Delay with new records being synced from Airtable to Glide

For this, do you mean your “Clock in” form will write to the Hours Tracker table, and your “Start Assignment” form will write to the Assignments table? Do you collect any further info that the user has to fill in for those forms?

@ThinhDinh Yep, that’s exactly it. I’m basically creating a timestamped “clock session” and a timestamped “assignment” record that will be closed out when the user either clocks out or ends the assignment. Everything goes through the FORMS table.

I’ve started working something with the Actions, which seem to be similar to the airtable automations; when I posted earlier I hadn’t messed with them at all yet, so now I’m starting to see how I can make it work.

If you don’t need the user to fill in anything else, the button can use the “Add row” action to the destination table with the info you need. For “rolling up” to get “current clock session” or “current assignment”, you can explore a combination of query columns to get the list of “Clock in” and “Clock out” rows of a user, and then a single value column > last to get the rowID of the latest row, if that’s what you need.

Does anyone know the status of the Glide - Airtable back sync issue?

The number one dealbreaker for us right now is: With an Airtable backend users need to wait between 30secs to 5+minutes after they created a record to finally do sth. with the record in Glide.

Example scenarios
Scenario #1: User creates Record A > After that User sets a new status (e.g. “publish”) for the record by clicking a button > everything works in the Frontend > some minutes later Airtable syncs back to Glide with the old status, i.e. overwrites Glide changes

Scenario #2: User creates sth. in Glide > User reloads page (because users sometimes just do weird things) > information are lost in Glide - in the best case they already landed in Airtable and are available several minutes later again after the back sync.

Scenario #3: User creates a new record A (e.g. Worker) > User needs to create another record B (e.g. Document) on top of A > Since Airtable hasn’t synced back yet the record/relation A doesn’t really exist even though we made it visible in the Frontend for the user > A isn’t linked to B

@david

We know Airtable sync is slow and we’ve tried to improve it for a few quarters. At this point we’ve paused work on Airtable sync to focus on improving Big Tables first, which will host the data in the next version of Airtable sync.

Apologies, but tl;dr: we don’t expect that we will improve Airtable sync this year, and we recommend using Glide Tables or Big Tables instead.

2 Likes

Ok, thanks for the fast response and info!

I actually think this is the best option. I think maybe a partnership with a tool like Whalesync could be a great option for syncing Glide Tables and Airtable.

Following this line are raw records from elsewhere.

(* Let $\mathcal H$ be a complex Hilbert space of finite dimension $n$ and let $U,V,W$ be unitary operators on $\mathcal H$. Then: (1) (Projective invariance) for every $c\in\mathbb C$ with $|c|=1$, $D(U,cV)=D(cU,V)=D(U,V)$; (2) $0\le D(U,V)\le 1$, and $D(U,V)=0$ if and only if $U=cV$ for some $c\in\mathbb C$ with $|c|=1$; (3) $D(U,V)=D(V,U)$; (4) (Triangle inequality) $D(U,W)\le D(U,V)+D(V,W)$; (5) (Invariance) for every unitary $X$ on $\mathcal H$, $D(XU,XV)=D(UX,VX)=D(U,V)$; (6) $D(U,V)=1$ if and only if there is a unit vector $\alpha\in\mathcal H$ such that $U\alpha$ and $V\alpha$ are orthogonal.
   Context: For unitary operators $U,V$ on a finite-dimensional complex Hilbert space $\mathcal H$ define the u-distance $D(U,V)=\max_{\|\psi\|=1}\big(1-|\langle\psi,U^\dagger V\psi\rangle|^2\big)^{1/2}=\big(1-\min_{\|\psi\|=1}|\langle\psi,U^\dagger V\psi\rangle|^2\big)^{1/2}$. *)

theory Defs
  imports "HOL-Analysis.Analysis"
begin

text \<open>The Hilbert space is complex^'n for an arbitrary finite index type 'n
  (dimension CARD('n)); operators are 'n x 'n complex matrices acting by *v.\<close>

definition cinner :: "complex ^ 'n \<Rightarrow> complex ^ 'n \<Rightarrow> complex" where
  "cinner x y = (\<Sum>i\<in>UNIV. cnj (x $ i) * y $ i)"

definition cadj :: "complex ^ 'n ^ 'n \<Rightarrow> complex ^ 'n ^ 'n" where
  "cadj A = (\<chi> i j. cnj (A $ j $ i))"

definition cscale :: "complex \<Rightarrow> complex ^ 'n ^ 'n \<Rightarrow> complex ^ 'n ^ 'n" where
  "cscale c A = (\<chi> i j. c * A $ i $ j)"

definition unitary :: "complex ^ 'n ^ 'n \<Rightarrow> bool" where
  "unitary U \<longleftrightarrow> cadj U ** U = mat 1 \<and> U ** cadj U = mat 1"

definition udist :: "complex ^ 'n ^ 'n \<Rightarrow> complex ^ 'n ^ 'n \<Rightarrow> real" where
  "udist U V = sqrt (1 - (INF \<psi>\<in>{\<psi>. norm \<psi> = 1}. (cmod (cinner \<psi> ((cadj U ** V) *v \<psi>)))\<^sup>2))"

end

theory Submission
  imports Defs
begin

text \<open>For unit vectors p and x, Pythagoras gives
  ||x - b p||^2 = 1 - |<p,x>|^2 + |<p,x> - b|^2,
  so sqrt (1 - |<p,x>|^2) is the distance from x to the complex line through p and
  satisfies the triangle inequality. Since <\<psi>, U* V \<psi>> = <U \<psi>, V \<psi>>, D(U,V) is the
  supremum over unit \<psi> of this distance between U \<psi> and V \<psi>; projective invariance,
  symmetry, the triangle inequality and unitary invariance therefore hold pointwise in \<psi>
  (right invariance after the substitution \<psi> := X \<psi>). If D(U,V) = 0 then every V \<psi> lies
  on the line through U \<psi>, so every vector is an eigenvector of U* V, which is hence
  a scalar. If D(U,V) = 1 the infimum 0 is attained by compactness of the unit sphere.\<close>

lemma norm_vec_complex_sq: "(norm (x::complex^'n))\<^sup>2 = (\<Sum>i\<in>UNIV. (cmod (x$i))\<^sup>2)"
  unfolding norm_vec_def L2_set_def by (simp add: sum_nonneg)

lemma cinner_self_eq_norm_sq: "cinner x x = complex_of_real ((norm x)\<^sup>2)"
  unfolding norm_vec_complex_sq cinner_def of_real_sum
  by (rule sum.cong) (auto simp: complex_norm_square[symmetric] mult.commute)

lemma cinner_commute: "cinner y x = cnj (cinner x y)"
  unfolding cinner_def by (simp add: mult.commute)

lemma cinner_diff_left: "cinner (x - y) z = cinner x z - cinner y z"
  unfolding cinner_def by (simp add: algebra_simps sum_subtractf)

lemma cinner_diff_right: "cinner x (y - z) = cinner x y - cinner x z"
  unfolding cinner_def by (simp add: algebra_simps sum_subtractf)

lemma cinner_smult_left: "cinner (c *s x) y = cnj c * cinner x y"
  unfolding cinner_def by (simp add: algebra_simps sum_distrib_left)

lemma cinner_smult_right: "cinner x (c *s y) = c * cinner x y"
  unfolding cinner_def by (simp add: algebra_simps sum_distrib_left)

lemma cinner_adjoint: "cinner (A *v x) y = cinner x (cadj A *v y)"
proof -
  have "cinner (A *v x) y = (\<Sum>i\<in>UNIV. \<Sum>j\<in>UNIV. cnj (A$i$j) * cnj (x$j) * y$i)"
    unfolding cinner_def matrix_vector_mult_def by (simp add: sum_distrib_right)
  also have "\<dots> = (\<Sum>j\<in>UNIV. \<Sum>i\<in>UNIV. cnj (A$i$j) * cnj (x$j) * y$i)"
    by (rule sum.swap)
  also have "\<dots> = cinner x (cadj A *v y)"
    unfolding cinner_def matrix_vector_mult_def cadj_def
    by (simp add: sum_distrib_left mult.assoc mult.left_commute)
  finally show ?thesis .
qed

lemma norm_smult_complex: "norm (c *s (x::complex^'n)) = cmod c * norm x"
proof -
  have "(norm (c *s x))\<^sup>2 = (cmod c * norm x)\<^sup>2"
    unfolding power_mult_distrib norm_vec_complex_sq
    by (simp add: norm_mult power_mult_distrib sum_distrib_left)
  then show ?thesis by (simp add: power2_eq_iff_nonneg)
qed

lemma matrix_vector_mult_smult: "M *v (c *s x) = c *s (M *v (x::complex^'n))"
  unfolding matrix_vector_mult_def by (simp add: vec_eq_iff sum_distrib_left algebra_simps)

lemma cscale_matrix_vector_mult: "cscale c A *v x = c *s (A *v x)"
  unfolding cscale_def matrix_vector_mult_def by (simp add: vec_eq_iff sum_distrib_left mult.assoc)

lemma matrix_vector_mult_axis: "(M *v axis j (1::complex)) $ i = M$i$j"
  unfolding matrix_vector_mult_def axis_def
  by (simp add: if_distrib[of "\<lambda>x. M$i$_ * x"] cong: if_cong)

lemma scalar_if_all_eigenvectors:
  fixes M :: "complex^'n^'n"
  assumes eigen: "\<And>\<psi>. \<exists>c. M *v \<psi> = c *s \<psi>"
  shows "\<exists>a. \<forall>\<psi>. M *v \<psi> = a *s \<psi>"
proof -
  have off_diag: "M$i$j = 0" if "i \<noteq> j" for i j
  proof -
    obtain c where c: "M *v axis j 1 = c *s axis j 1" using eigen by blast
    have "M$i$j = (M *v axis j 1) $ i" by (rule matrix_vector_mult_axis[symmetric])
    also have "\<dots> = 0" using that by (simp only: c) (simp add: axis_def)
    finally show ?thesis .
  qed
  have diag: "M$i$i = M$j$j" for i j
  proof (cases "i = j")
    case False
    obtain c where c: "M *v (axis i 1 + axis j 1) = c *s (axis i 1 + axis j 1)"
      using eigen by blast
    have "(M *v (axis i 1 + axis j 1)) $ i = M$i$i" "(M *v (axis i 1 + axis j 1)) $ j = M$j$j"
      using off_diag False by (simp_all add: matrix_vector_right_distrib matrix_vector_mult_axis)
    moreover have "(c *s (axis i 1 + axis j 1)) $ i = c" "(c *s (axis i 1 + axis j 1)) $ j = c"
      using False by (simp_all add: axis_def)
    ultimately show ?thesis using c by metis
  qed simp
  obtain k :: 'n where True by simp
  have "(M *v \<psi>) $ i = M$k$k * \<psi>$i" for \<psi> i
  proof -
    have "(M *v \<psi>) $ i = (\<Sum>j\<in>UNIV. M$i$j * \<psi>$j)"
      by (simp add: matrix_vector_mult_def)
    also have "\<dots> = (\<Sum>j\<in>UNIV. if j = i then M$k$k * \<psi>$j else 0)"
      by (rule sum.cong) (use off_diag diag[of i k] in auto)
    finally show ?thesis by simp
  qed
  then have "M *v \<psi> = M$k$k *s \<psi>" for \<psi> by (simp add: vec_eq_iff)
  then show ?thesis by blast
qed

lemma norm_diff_smult_unit_sq:
  assumes "norm p = 1"
  shows "(norm (x - b *s p))\<^sup>2 = (norm x)\<^sup>2 - (cmod (cinner p x))\<^sup>2 + (cmod (cinner p x - b))\<^sup>2"
proof -
  define c where "c = cinner p x"
  have "cinner x p = cnj c" unfolding c_def by (rule cinner_commute)
  moreover have "cinner p p = 1" using assms by (simp add: cinner_self_eq_norm_sq)
  ultimately have "cinner (x - b *s p) (x - b *s p) = cinner x x - b * cnj c - cnj b * c + cnj b * b"
    by (simp add: cinner_diff_left cinner_diff_right cinner_smult_left cinner_smult_right
        c_def[symmetric] algebra_simps)
  then have "(norm (x - b *s p))\<^sup>2 = Re (cinner x x - b * cnj c - cnj b * c + cnj b * b)"
    by (metis Re_complex_of_real cinner_self_eq_norm_sq)
  also have "\<dots> = (norm x)\<^sup>2 - (cmod c)\<^sup>2 + (cmod (c - b))\<^sup>2"
    unfolding cmod_power2 by (simp add: cinner_self_eq_norm_sq power2_eq_square algebra_simps)
  finally show ?thesis by (simp add: c_def)
qed

lemma cmod_cinner_unit_le:
  assumes "norm p = 1"
  shows "cmod (cinner p x) \<le> norm x"
proof -
  have "(cmod (cinner p x))\<^sup>2 \<le> (norm x)\<^sup>2"
    using norm_diff_smult_unit_sq[OF assms, of x "cinner p x"]
      zero_le_power2[of "norm (x - cinner p x *s p)"] by simp
  then show ?thesis by (simp add: power2_le_iff_abs_le)
qed

lemma eq_cinner_smult_if_cmod_cinner_eq_norm:
  assumes "norm p = 1" and "cmod (cinner p x) = norm x"
  shows "x = cinner p x *s p"
  using norm_diff_smult_unit_sq[OF assms(1), of x "cinner p x"] assms(2) by simp

definition line_dist :: "complex^'n \<Rightarrow> complex^'n \<Rightarrow> real" where
  "line_dist p x = sqrt (1 - (cmod (cinner p x))\<^sup>2)"

lemma line_dist_eq_norm_diff:
  assumes "norm p = 1" and "norm x = 1"
  shows "norm (x - cinner p x *s p) = line_dist p x"
proof -
  have "(norm (x - cinner p x *s p))\<^sup>2 = 1 - (cmod (cinner p x))\<^sup>2"
    using norm_diff_smult_unit_sq[OF assms(1), of x "cinner p x"] assms(2) by simp
  then show ?thesis unfolding line_dist_def by (metis norm_ge_zero real_sqrt_unique)
qed

lemma line_dist_le_norm_diff:
  assumes "norm p = 1" and "norm x = 1"
  shows "line_dist p x \<le> norm (x - b *s p)"
proof -
  have "(norm (x - cinner p x *s p))\<^sup>2 \<le> (norm (x - b *s p))\<^sup>2"
    using norm_diff_smult_unit_sq[OF assms(1), of x "cinner p x"]
      norm_diff_smult_unit_sq[OF assms(1), of x b] by simp
  then show ?thesis
    using line_dist_eq_norm_diff[OF assms] by (simp add: power2_le_iff_abs_le)
qed

lemma line_dist_triangle:
  assumes p: "norm p = 1" and q: "norm q = 1" and x: "norm x = 1"
  shows "line_dist p x \<le> line_dist p q + line_dist q x"
proof -
  define a where "a = cinner q x"
  define b where "b = cinner p q"
  \<comment> \<open>x is within line_dist q x of a q, and a q is within |a| line_dist p q of (a b) p.\<close>
  have "x - (a * b) *s p = (x - a *s q) + a *s (q - b *s p)"
    by (simp add: vec_eq_iff algebra_simps)
  then have "norm (x - (a * b) *s p) \<le> norm (x - a *s q) + cmod a * norm (q - b *s p)"
    by (metis norm_triangle_ineq norm_smult_complex)
  also have "\<dots> \<le> line_dist q x + 1 * line_dist p q"
    using line_dist_eq_norm_diff[OF p q] line_dist_eq_norm_diff[OF q x]
      norm_ge_zero[of "q - b *s p"] cmod_cinner_unit_le[OF q, of x] x
    unfolding a_def b_def by (intro add_mono mult_mono) auto
  finally show ?thesis
    using line_dist_le_norm_diff[OF p x, of "a * b"] by simp
qed

lemma cadj_cadj: "cadj (cadj A) = A"
  unfolding cadj_def by (simp add: vec_eq_iff)

lemma unitary_cadj: "unitary U \<Longrightarrow> unitary (cadj U)"
  unfolding unitary_def by (simp add: cadj_cadj)

lemma unitary_cinner: "unitary U \<Longrightarrow> cinner (U *v x) (U *v y) = cinner x y"
  unfolding unitary_def by (simp add: cinner_adjoint matrix_vector_mul_assoc)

I personally would prefer using Big Tables at this point, there are just some dependencies I have with Airtable that won’t allow me to shift.

Whalesync is a YC company and they specialize in database syncing, I.e Webflow to Airtable, Airtable to Notion, etc.

A good Glide Big Tables integration would be a great solution I think, and would allow you to not have to worry about this ongoing Airtable sync stuff.

1 Like

Yes, we met with Whalesync last week and are looking at adding a Big Tables integration.

2 Likes
  1. What is the status with Whalesync?

  2. Airtable’s Back Sync will therefore still not work for basic GlideTables - only Big Tables. Right? Or will it be possible to convert GlideTables and Airtable with the frontend logic to Glide Big Tables?

  3. So there is no solution at all to access Glide’s internal tables to push an Airtable record into Glide or trigger the fetching (sync) automatically? Glide won’t provide any API endpoint to trigger a manual fetch (sync) or immediate data sync from Airtable?